## Task requirements
From the data below, return the exact lines starting at the line containing "in sequentially. norm" and ending at the line containing "m + x n) \<in>", both included, and nothing else.

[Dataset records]
==========

(* Let $S$ be a subsemigroup of $(M_n(\mathbb{C}),+)$ such that every pair $(A,B) \in S^2$ has property L. Then the linear subspace $\mathrm{Span}(S)$ of $M_n(\mathbb{C})$ has property L.
   Context: A pair $(A,B) \in M_n(\mathbb{C})^2$ has property L if there exist $n$ linear forms $f_1,\dots,f_n$ on $\mathbb{C}^2$ such that for all $(x,y) \in \mathbb{C}^2$, the characteristic polynomial of $xA+yB$ equals $\prod_{k=1}^n (X - f_k(x,y))$. A linear subspace $V$ of $M_n(\mathbb{C})$ has property L if there exist $n$ linear forms $f_1,\dots,f_n$ on $V$ such that for every $M \in V$, the characteristic polynomial of $M$ equals $\prod_{k=1}^n (X - f_k(M))$. *)

theory Defs
  imports "Jordan_Normal_Form.Char_Poly"
begin

text \<open>Property L for a pair (A,B) of n x n complex matrices: there are n linear forms
  f_k(x,y) = a_k x + b_k y on C^2 (every C-linear form on C^2 has this shape) such that
  the characteristic polynomial of xA+yB is the product of (X - f_k(x,y)).\<close>
definition pair_property_L :: "nat \<Rightarrow> complex mat \<Rightarrow> complex mat \<Rightarrow> bool" where
  "pair_property_L n A B \<longleftrightarrow>
     (\<exists>a b :: nat \<Rightarrow> complex. \<forall>x y :: complex.
        char_poly (x \<cdot>\<^sub>m A + y \<cdot>\<^sub>m B) = (\<Prod>k<n. [:- (a k * x + b k * y), 1:]))"

inductive_set mat_span :: "nat \<Rightarrow> complex mat set \<Rightarrow> complex mat set" for n S where
  zero: "0\<^sub>m n n \<in> mat_span n S"
| base: "A \<in> S \<Longrightarrow> A \<in> mat_span n S"
| add: "A \<in> mat_span n S \<Longrightarrow> B \<in> mat_span n S \<Longrightarrow> A + B \<in> mat_span n S"
| smult: "A \<in> mat_span n S \<Longrightarrow> c \<cdot>\<^sub>m A \<in> mat_span n S"

definition linear_form_on :: "complex mat set \<Rightarrow> (complex mat \<Rightarrow> complex) \<Rightarrow> bool" where
  "linear_form_on V f \<longleftrightarrow>
     (\<forall>A\<in>V. \<forall>B\<in>V. f (A + B) = f A + f B) \<and> (\<forall>A\<in>V. \<forall>c. f (c \<cdot>\<^sub>m A) = c * f A)"

definition subspace_property_L :: "nat \<Rightarrow> complex mat set \<Rightarrow> bool" where
  "subspace_property_L n V \<longleftrightarrow>
     (\<exists>f :: nat \<Rightarrow> complex mat \<Rightarrow> complex. (\<forall>k<n. linear_form_on V (f k)) \<and>
        (\<forall>M\<in>V. char_poly M = (\<Prod>k<n. [:- f k M, 1:])))"

end

theory Submission
  imports Defs "HOL-Library.Function_Algebras"
begin

text \<open>
  The heart of the proof is that property L propagates from pairs to finite lists:
  for every list A_1, ..., A_m of elements of S, the characteristic polynomial of
  x_1 A_1 + ... + x_m A_m is a product of linear factors X - f_k(x) (list property L).  For B, D in S and a tail As, the matrices
  D + c B (c >= 1) lie in S, so every list (D + c B) # As has property L.  The tail
  parts of its forms are forms of As, hence up to reindexing independent of c (a linear
  form agreeing pointwise with one of finitely many forms is one of them); its head
  coefficients are eigenvalues a_j c + b_j of c B + D.  By pigeonhole one choice of
  indices works for infinitely many c, which factors char_poly (s B + r D + W) on
  infinitely many lines s = c r; since both sides are polynomial in s and in r
  separately, the factorisation holds for all (s, r).

  Finally Span(S) is finite-dimensional, hence the set of combinations of a finite list
  of elements of S, and the forms of that list descend to well-defined linear forms on
  Span(S) because the characteristic polynomial of the zero matrix is X^n.
\<close>

section \<open>Linear combinations of lists of matrices\<close>

primrec lincomb :: "nat \<Rightarrow> complex mat list \<Rightarrow> (nat \<Rightarrow> complex) \<Rightarrow> complex mat" where
  "lincomb n [] x = 0\<^sub>m n n"
| "lincomb n (A # As) x = x 0 \<cdot>\<^sub>m A + lincomb n As (\<lambda>i. x (Suc i))"

definition lform :: "(nat \<Rightarrow> complex) \<Rightarrow> nat \<Rightarrow> (nat \<Rightarrow> complex) \<Rightarrow> complex" where
  "lform c m x = (\<Sum>i<m. c i * x i)"

lemma dim_lincomb [simp]: "dim_row (lincomb n As x) = n" "dim_col (lincomb n As x) = n"
  by (induction As arbitrary: x) auto

lemma lincomb_carrier: "lincomb n As x \<in> carrier_mat n n"
  by (rule carrier_matI) simp_all

lemma lincomb_add:
  "set As \<subseteq> carrier_mat n n \<Longrightarrow> lincomb n As (\<lambda>i. x i + y i) = lincomb n As x + lincomb n As y"
proof (induction As arbitrary: x y)
  case (Cons A As)
  then show ?case
    by (auto intro!: eq_matI simp: algebra_simps)
qed simp

lemma lincomb_smult:
  "set As \<subseteq> carrier_mat n n \<Longrightarrow> lincomb n As (\<lambda>i. c * x i) = c \<cdot>\<^sub>m lincomb n As x"
proof (induction As arbitrary: x)
  case (Cons A As)
  then show ?case
    by (auto intro!: eq_matI simp: algebra_simps)
qed simp

lemma lincomb_diff:
  "set As \<subseteq> carrier_mat n n \<Longrightarrow> lincomb n As (\<lambda>i. x i - y i) = lincomb n As x - lincomb n As y"
proof (induction As arbitrary: x y)
  case (Cons A As)
  then show ?case
    by (auto intro!: eq_matI simp: algebra_simps)
qed (auto intro!: eq_matI)

lemma lincomb_zero: "set As \<subseteq> carrier_mat n n \<Longrightarrow> lincomb n As (\<lambda>_. 0) = 0\<^sub>m n n"
  by (induction As) auto

lemma lform_Suc: "lform c (Suc m) x = c 0 * x 0 + lform (\<lambda>i. c (Suc i)) m (\<lambda>i. x (Suc i))"
  unfolding lform_def by (rule sum.lessThan_Suc_shift)

lemma lform_add: "lform c m (\<lambda>i. x i + y i) = lform c m x + lform c m y"
  unfolding lform_def by (simp add: algebra_simps sum.distrib)

lemma lform_smult: "lform c m (\<lambda>i. a * x i) = a * lform c m x"
  unfolding lform_def by (simp add: algebra_simps sum_distrib_left)

lemma lform_diff: "lform c m (\<lambda>i. x i - y i) = lform c m x - lform c m y"
  unfolding lform_def by (simp add: algebra_simps sum_subtractf)

definition list_property_L :: "nat \<Rightarrow> complex mat list \<Rightarrow> bool" where
  "list_property_L n As \<longleftrightarrow>
     (\<exists>c. \<forall>x. char_poly (lincomb n As x) = (\<Prod>k<n. [:- lform (c k) (length As) x, 1:]))"
text \<open>Given \<open>v\<^sub>h \<perp> ker d\<^sub>h\<close>, lift \<open>d\<^sub>h v\<^sub>h\<close> into \<open>V\<close> by \<open>i\<^sub>h\<close> and take its preimage \<open>m\<close> under \<open>d\<close>
of minimal graph norm; \<open>m\<close> exists because the graph of \<open>d\<close> is closed, and minimality makes
\<open>m \<perp> ker d\<close>, so the Poincar\'e inequality applies to \<open>m\<close>. Since \<open>\<pi>\<^sub>h\<close> and \<open>i\<^sub>h\<close> commute with
the differentials and \<open>\<pi>\<^sub>h \<circ> i\<^sub>h = id\<close>, \<open>d\<^sub>h (\<pi>\<^sub>h m) = d\<^sub>h v\<^sub>h\<close>; among all elements with this
differential \<open>v\<^sub>h\<close> has the least norm, being orthogonal to the kernel. Hence
\<open>\<parallel>v\<^sub>h\<parallel> \<le> \<parallel>\<pi>\<^sub>h m\<parallel> \<le> \<parallel>\<pi>\<^sub>h\<parallel> c\<^sub>P \<parallel>d m\<parallel> = \<parallel>\<pi>\<^sub>h\<parallel> c\<^sub>P \<parallel>i\<^sub>h d\<^sub>h v\<^sub>h\<parallel> \<le> c\<^sub>P \<parallel>\<pi>\<^sub>h\<parallel> \<parallel>i\<^sub>h\<parallel> \<parallel>d\<^sub>h v\<^sub>h\<parallel>\<close>.\<close>

lemma exists_min_norm_closed_convex:
  fixes S :: "'a::{real_inner,complete_space} set"
  assumes "closed S" "convex S" "S \<noteq> {}"
  shows "\<exists>x\<in>S. \<forall>y\<in>S. norm x \<le> norm y"
proof -
  define \<delta> where "\<delta> = Inf (norm ` S)"
  have bdd: "bdd_below (norm ` S)"
    by (rule bdd_belowI[of _ 0]) auto
  have \<delta>_le: "\<delta> \<le> norm y" if "y \<in> S" for y
    unfolding \<delta>_def using bdd that by (simp add: cInf_lower)
  have "\<exists>x\<in>S. norm x < \<delta> + 1 / (real n + 1)" for n
    using cInf_lessD[of "norm ` S" "\<delta> + 1 / (real n + 1)"] assms(3) unfolding \<delta>_def by auto
  then obtain x where xS: "\<And>n. x n \<in> S" and x_less: "\<And>n. norm (x n) < \<delta> + 1 / (real n + 1)"
    by metis
  have "(\<lambda>n. norm (x n)) \<longlonglongrightarrow> \<delta>"
  proof (rule tendsto_sandwich)
    show "\<forall>\<^sub>F n in sequentially. \<delta> \<le> norm (x n)" using \<delta>_le xS by simp
    show "\<forall>\<^sub>F n in sequentially. norm (x n) \<le> \<delta> + 1 / (real n + 1)"
      using x_less by (simp add: less_imp_le)
    show "(\<lambda>n. \<delta> + 1 / (real n + 1)) \<longlonglongrightarrow> \<delta>"
      using tendsto_add[OF tendsto_const LIMSEQ_inverse_real_of_nat_add[of 0]]
      by (simp add: inverse_eq_divide add.commute)
  qed simp
  then have excess_lim: "(\<lambda>n. (norm (x n))\<^sup>2 - \<delta>\<^sup>2) \<longlonglongrightarrow> 0"
    using tendsto_diff[OF tendsto_power[of _ _ _ 2] tendsto_const, of "\<lambda>n. norm (x n)" \<delta> sequentially "\<delta>\<^sup>2"]
    by simp
  have dist_sq: "(dist (x m) (x n))\<^sup>2 \<le> 2 * ((norm (x m))\<^sup>2 - \<delta>\<^sup>2) + 2 * ((norm (x n))\<^sup>2 - \<delta>\<^sup>2)" for m n
  proof -
    have "(1/2) *\<^sub>R (x m + x n) \<in> S"
      using convexD[OF assms(2) xS xS, of "1/2" "1/2"] by (simp add: scaleR_right_distrib)
    then have "2 * \<delta> \<le> norm (x m + x n)"
      using \<delta>_le by fastforce
    moreover have "0 \<le> \<delta>"
      unfolding \<delta>_def using assms(3) by (auto intro: cInf_greatest)
    ultimately have "(2 * \<delta>)\<^sup>2 \<le> (norm (x m + x n))\<^sup>2"
      by (intro power_mono) auto
    moreover have "(norm (x m - x n))\<^sup>2 + (norm (x m + x n))\<^sup>2 = 2 * (norm (x m))\<^sup>2 + 2 * (norm (x n))\<^sup>2"
      by (simp add: power2_norm_eq_inner inner_diff_left inner_diff_right inner_add_left
          inner_add_right inner_commute)
    ultimately show ?thesis
      by (simp add: dist_norm power_mult_distrib)
  qed
  have "Cauchy x"
  proof (rule metric_CauchyI)
    fix \<epsilon> :: real
    assume "0 < \<epsilon>"
    then have "\<forall>\<^sub>F n in sequentially. (norm (x n))\<^sup>2 - \<delta>\<^sup>2 < \<epsilon>\<^sup>2 / 4"
      using order_tendstoD(2)[OF excess_lim, of "\<epsilon>\<^sup>2 / 4"] by simp
    then obtain N where N: "\<And>n. n \<ge> N \<Longrightarrow> (norm (x n))\<^sup>2 - \<delta>\<^sup>2 < \<epsilon>\<^sup>2 / 4"
      unfolding eventually_sequentially by blast
    have "dist (x m) (x n) < \<epsilon>" if "m \<ge> N" "n \<ge> N" for m n
    proof -
      have "(dist (x m) (x n))\<^sup>2 < \<epsilon>\<^sup>2"
        using dist_sq[of m n] N[OF that(1)] N[OF that(2)] by argo
      then show ?thesis
        using \<open>0 < \<epsilon>\<close> by (simp add: power_less_imp_less_base)
    qed
    then show "\<exists>M. \<forall>m\<ge>M. \<forall>n\<ge>M. dist (x m) (x n) < \<epsilon>"
      by blast
  qed
  then obtain l where l: "x \<longlonglongrightarrow> l"
    using Cauchy_convergent_iff convergent_def by blast
  have "l \<in> S"
    using closed_sequentially[OF assms(1)] xS l by blast
  moreover have "norm l = \<delta>"
    using LIMSEQ_unique[OF tendsto_norm[OF l] \<open>(\<lambda>n. norm (x n)) \<longlonglongrightarrow> \<delta>\<close>] .
  ultimately show ?thesis
    using \<delta>_le by auto
qed

lemma V_norm_eq_norm_Pair: "V_norm d k v = norm (v, d k v)"
  unfolding V_norm_def V_inner_def by (simp add: norm_Pair power2_norm_eq_inner)

lemma V_norm_nonneg: "0 \<le> V_norm d k v"
  by (simp add: V_norm_eq_norm_Pair)

lemma norm_d_le_V_norm: "norm (d k v) \<le> V_norm d k v"
  by (simp add: V_norm_eq_norm_Pair norm_Pair real_le_rsqrt)

lemma V_norm_eq_norm_if_d_eq_0: "d k v = 0 \<Longrightarrow> V_norm d k v = norm v"
  by (simp add: V_norm_eq_norm_Pair norm_Pair)

lemma op_norm_nonneg_and_bound:
  assumes "domain_morphism V d V' d' f" and "x \<in> V k"
  shows op_norm_nonneg: "0 \<le> op_norm V d d' f k"
    and op_norm_bound: "V_norm d' k (f k x) \<le> op_norm V d d' f k * V_norm d k x"
proof -
  let ?S = "{C. C \<ge> 0 \<and> (\<forall>x\<in>V k. V_norm d' k (f k x) \<le> C * V_norm d k x)}"
  obtain C where C: "\<forall>x\<in>V k. V_norm d' k (f k x) \<le> C * V_norm d k x"
    using assms(1) unfolding domain_morphism_def by blast
  have "C * V_norm d k x \<le> max C 0 * V_norm d k x" for x
    by (intro mult_right_mono) (auto simp: V_norm_nonneg)
  then have "max C 0 \<in> ?S"
    using C by (auto intro: order_trans)
  then have ne: "?S \<noteq> {}" by blast
  show "0 \<le> op_norm V d d' f k"
    unfolding op_norm_def using ne by (auto intro: cInf_greatest)
  show "V_norm d' k (f k x) \<le> op_norm V d d' f k * V_norm d k x"
  proof (cases "V_norm d k x = 0")
    case True
    then show ?thesis using \<open>max C 0 \<in> ?S\<close> assms(2) by auto
  next
    case False
    then have pos: "0 < V_norm d k x" using V_norm_nonneg[of d k x] by linarith
    have "V_norm d' k (f k x) / V_norm d k x \<le> op_norm V d d' f k"
      unfolding op_norm_def
      by (rule cInf_greatest[OF ne]) (use assms(2) pos in \<open>auto simp: divide_le_eq\<close>)
    then show ?thesis using pos by (simp add: divide_le_eq)
  qed
qed

lemma domain_morphismD:
  assumes "domain_morphism V d V' d' f" "x \<in> V k"
  shows "f k x \<in> V' k" and "d' k (f k x) = f (Suc k) (d k x)"
  using assms unfolding domain_morphism_def by blast+

lemma hilbert_complex_lincomb:
  assumes "hilbert_complex W V d" "x \<in> V k" "y \<in> V k"
  shows "a *\<^sub>R x + b *\<^sub>R y \<in> V k"
    and "d k (a *\<^sub>R x + b *\<^sub>R y) = a *\<^sub>R d k x + b *\<^sub>R d k y"
proof -
  have V: "subspace (V k)" using assms(1) unfolding hilbert_complex_def by blast
  then show "a *\<^sub>R x + b *\<^sub>R y \<in> V k"
    using assms(2,3) by (simp add: subspace_add subspace_scale)
  show "d k (a *\<^sub>R x + b *\<^sub>R y) = a *\<^sub>R d k x + b *\<^sub>R d k y"
    using assms V unfolding hilbert_complex_def by (simp add: subspace_scale)
qed

lemma V_perp_ker_norm_minimal:
  assumes "hilbert_complex W V d" "v \<in> V_perp V d k (ker_d V d k)"
    and "w \<in> V k" "d k w = d k v"
  shows "V_norm d k v \<le> V_norm d k w"
proof -
  have v: "v \<in> V k" using assms(2) unfolding V_perp_def by simp
  define z where "z = w - v"
  have "z \<in> ker_d V d k"
    using hilbert_complex_lincomb[OF assms(1) assms(3) v, of 1 "-1"] assms(4)
    unfolding ker_d_def z_def by simp
  then have "orthogonal (v, d k v) (z, d k z)"
    using assms(2) unfolding V_perp_def V_inner_def orthogonal_def by simp
  moreover have "(v, d k v) + (z, d k z) = (w, d k w)"
    using \<open>z \<in> ker_d V d k\<close> assms(4) unfolding ker_d_def z_def by simp
  ultimately have "(norm (w, d k w))\<^sup>2 = (norm (v, d k v))\<^sup>2 + (norm (z, d k z))\<^sup>2"
    by (metis norm_add_Pythagorean)
  then have "(norm (v, d k v))\<^sup>2 \<le> (norm (w, d k w))\<^sup>2"
    by simp
  then show ?thesis
    unfolding V_norm_eq_norm_Pair by (simp add: power2_le_iff_abs_le)
qed

lemma exists_V_perp_ker_same_d:
  assumes "hilbert_complex W V d" "u \<in> V k"
  obtains m where "m \<in> V_perp V d k (ker_d V d k)" "d k m = d k u"
proof -
  define A where "A = {(v, d k v) | v. v \<in> V k \<and> d k v = d k u}"
  have "A = {(x, d k x) | x. x \<in> V k} \<inter> (UNIV \<times> {d k u})"
    unfolding A_def by auto
  then have "closed A"
    using assms(1) unfolding hilbert_complex_def by (auto intro: closed_Int closed_Times)
  have "convex A"
  proof (rule convexI)
    fix x y and a b :: real
    assume "x \<in> A" "y \<in> A" "a + b = 1"
    then obtain v1 v2 where "x = (v1, d k v1)" "y = (v2, d k v2)" "v1 \<in> V k" "v2 \<in> V k"
      "d k v1 = d k u" "d k v2 = d k u"
      unfolding A_def by blast
    then show "a *\<^sub>R x + b *\<^sub>R y \<in> A"
      using hilbert_complex_lincomb[OF assms(1), of v1 k v2 a b] \<open>a + b = 1\<close>
      unfolding A_def by (auto simp flip: scaleR_add_left)
  qed
  have "A \<noteq> {}" using assms(2) unfolding A_def by blast
  then obtain p where "p \<in> A" and p_min: "\<forall>y\<in>A. dist 0 p \<le> dist 0 y"
    using exists_min_norm_closed_convex[OF \<open>closed A\<close> \<open>convex A\<close>] by (auto simp: dist_0_norm)
  then obtain m where p: "p = (m, d k m)" and m: "m \<in> V k" "d k m = d k u"
    unfolding A_def by blast
  have "V_inner d k m z = 0" if z: "z \<in> ker_d V d k" for z
  proof -
    have "- (t * inner m z) \<le> 0" for t
    proof -
      have "m + t *\<^sub>R z \<in> V k" "d k (m + t *\<^sub>R z) = d k m"
        using hilbert_complex_lincomb[OF assms(1) m(1), of z 1 t] z unfolding ker_d_def by auto
      then have "p + t *\<^sub>R (z, 0) \<in> A"
        using p m unfolding A_def by auto
      from any_closest_point_dot[OF \<open>convex A\<close> \<open>closed A\<close> \<open>p \<in> A\<close> this p_min]
      show ?thesis by (simp add: p)
    qed
    from this[of 1] this[of "-1"] have "inner m z = 0" by simp
    then show ?thesis
      using z unfolding ker_d_def V_inner_def by simp
  qed
  then show ?thesis
    using that m unfolding V_perp_def by blast
qed

lemma real_le_chain_mult:
  fixes a b x y c P I :: real
  assumes "0 \<le> P" "0 \<le> I" "0 \<le> b" "0 \<le> x"
    and "a \<le> P * b" "b \<le> c * x" "x \<le> I * y" "y \<le> a"
  shows "a \<le> c * P * I * y"
proof (cases "0 \<le> c")
  case True
  have "a \<le> P * (c * x)" using assms(1,5,6) by (meson mult_left_mono order_trans)
  also have "\<dots> \<le> P * (c * (I * y))" using True assms(1,7) by (simp add: mult_left_mono)
  finally show ?thesis by (simp add: mult_ac)
next
  case False
  then have "c * x \<le> 0" using assms(4) by (simp add: mult_nonpos_nonneg)
  then have "b = 0" using assms(3,6) by linarith
  then have "a \<le> 0" using assms(5) by simp
  moreover have "c * P * I \<le> 0" using False assms(1,2) by (simp add: mult_nonpos_nonneg)
  ultimately have "0 \<le> c * P * I * y" using assms(8) by (simp add: mult_nonpos_nonpos)
  then show ?thesis using \<open>a \<le> 0\<close> by linarith
qed

theorem mainTheorem5:
  fixes W V :: "nat \<Rightarrow> 'a::{real_inner,complete_space} set"
    and d :: "nat \<Rightarrow> 'a \<Rightarrow> 'a"
    and Wh Vh :: "nat \<Rightarrow> 'b::{real_inner,complete_space} set"
    and dh :: "nat \<Rightarrow> 'b \<Rightarrow> 'b"
    and ih :: "nat \<Rightarrow> 'b \<Rightarrow> 'a"
    and \<pi>h :: "nat \<Rightarrow> 'a \<Rightarrow> 'b"
    and k :: nat and cP :: real
  assumes "closed_hilbert_complex W V d"
    and "closed_hilbert_complex Wh Vh dh"
    and "domain_morphism Vh dh V d ih"
    and "domain_morphism V d Vh dh \<pi>h"
    and "\<forall>j. \<forall>x\<in>Vh j. \<pi>h j (ih j x) = x"
    and "\<forall>v\<in>V_perp V d k (ker_d V d k). V_norm d k v \<le> cP * V_norm d (Suc k) (d k v)"
  shows "\<forall>vh\<in>V_perp Vh dh k (ker_d Vh dh k).
           V_norm dh k vh \<le> cP * op_norm V d dh \<pi>h k * op_norm Vh dh d ih (Suc k) * norm (dh k vh)"
proof
  fix vh assume vh: "vh \<in> V_perp Vh dh k (ker_d Vh dh k)"
  have HC: "hilbert_complex W V d" and HCh: "hilbert_complex Wh Vh dh"
    using assms(1,2) unfolding closed_hilbert_complex_def by blast+
  have "vh \<in> Vh k" using vh unfolding V_perp_def by blast
  define y where "y = dh k vh"
  have y: "y \<in> Vh (Suc k)" "dh (Suc k) y = 0"
    using HCh \<open>vh \<in> Vh k\<close> unfolding y_def hilbert_complex_def by blast+
  obtain m where m: "m \<in> V_perp V d k (ker_d V d k)" "d k m = d k (ih k vh)"
    using exists_V_perp_ker_same_d[OF HC domain_morphismD(1)[OF assms(3) \<open>vh \<in> Vh k\<close>]] .
  have "m \<in> V k" using m(1) unfolding V_perp_def by blast
  have dm: "d k m = ih (Suc k) y"
    using m(2) domain_morphismD(2)[OF assms(3) \<open>vh \<in> Vh k\<close>] unfolding y_def by simp
  have "dh k (\<pi>h k m) = dh k vh"
    using domain_morphismD(2)[OF assms(4) \<open>m \<in> V k\<close>] dm assms(5) y(1) unfolding y_def by simp
  then have "V_norm dh k vh \<le> V_norm dh k (\<pi>h k m)"
    using V_perp_ker_norm_minimal[OF HCh vh domain_morphismD(1)[OF assms(4) \<open>m \<in> V k\<close>]] by simp
  also have "\<dots> \<le> op_norm V d dh \<pi>h k * V_norm d k m"
    using op_norm_bound[OF assms(4) \<open>m \<in> V k\<close>] .
  finally have vh_le: "V_norm dh k vh \<le> op_norm V d dh \<pi>h k * V_norm d k m" .
  have m_le: "V_norm d k m \<le> cP * V_norm d (Suc k) (ih (Suc k) y)"
    using bspec[OF assms(6) m(1)] unfolding dm .
  have ih_le: "V_norm d (Suc k) (ih (Suc k) y) \<le> op_norm Vh dh d ih (Suc k) * norm y"
    using op_norm_bound[OF assms(3) y(1)] V_norm_eq_norm_if_d_eq_0[of dh, OF y(2)] by simp
  have "norm y \<le> V_norm dh k vh"
    unfolding y_def by (rule norm_d_le_V_norm)
  from real_le_chain_mult[OF op_norm_nonneg[OF assms(4) \<open>m \<in> V k\<close>] op_norm_nonneg[OF assms(3) y(1)]
      V_norm_nonneg V_norm_nonneg vh_le m_le ih_le this]
  show "V_norm dh k vh \<le> cP * op_norm V d dh \<pi>h k * op_norm Vh dh d ih (Suc k) * norm (dh k vh)"
    unfolding y_def .
qed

==========

## Answer section
    show "\<forall>\<^sub>F n in sequentially. norm (x n) \<le> \<delta> + 1 / (real n + 1)"
      using x_less by (simp add: less_imp_le)
    show "(\<lambda>n. \<delta> + 1 / (real n + 1)) \<longlonglongrightarrow> \<delta>"
      using tendsto_add[OF tendsto_const LIMSEQ_inverse_real_of_nat_add[of 0]]
      by (simp add: inverse_eq_divide add.commute)
  qed simp
  then have excess_lim: "(\<lambda>n. (norm (x n))\<^sup>2 - \<delta>\<^sup>2) \<longlonglongrightarrow> 0"
    using tendsto_diff[OF tendsto_power[of _ _ _ 2] tendsto_const, of "\<lambda>n. norm (x n)" \<delta> sequentially "\<delta>\<^sup>2"]
    by simp
  have dist_sq: "(dist (x m) (x n))\<^sup>2 \<le> 2 * ((norm (x m))\<^sup>2 - \<delta>\<^sup>2) + 2 * ((norm (x n))\<^sup>2 - \<delta>\<^sup>2)" for m n
  proof -
    have "(1/2) *\<^sub>R (x m + x n) \<in> S"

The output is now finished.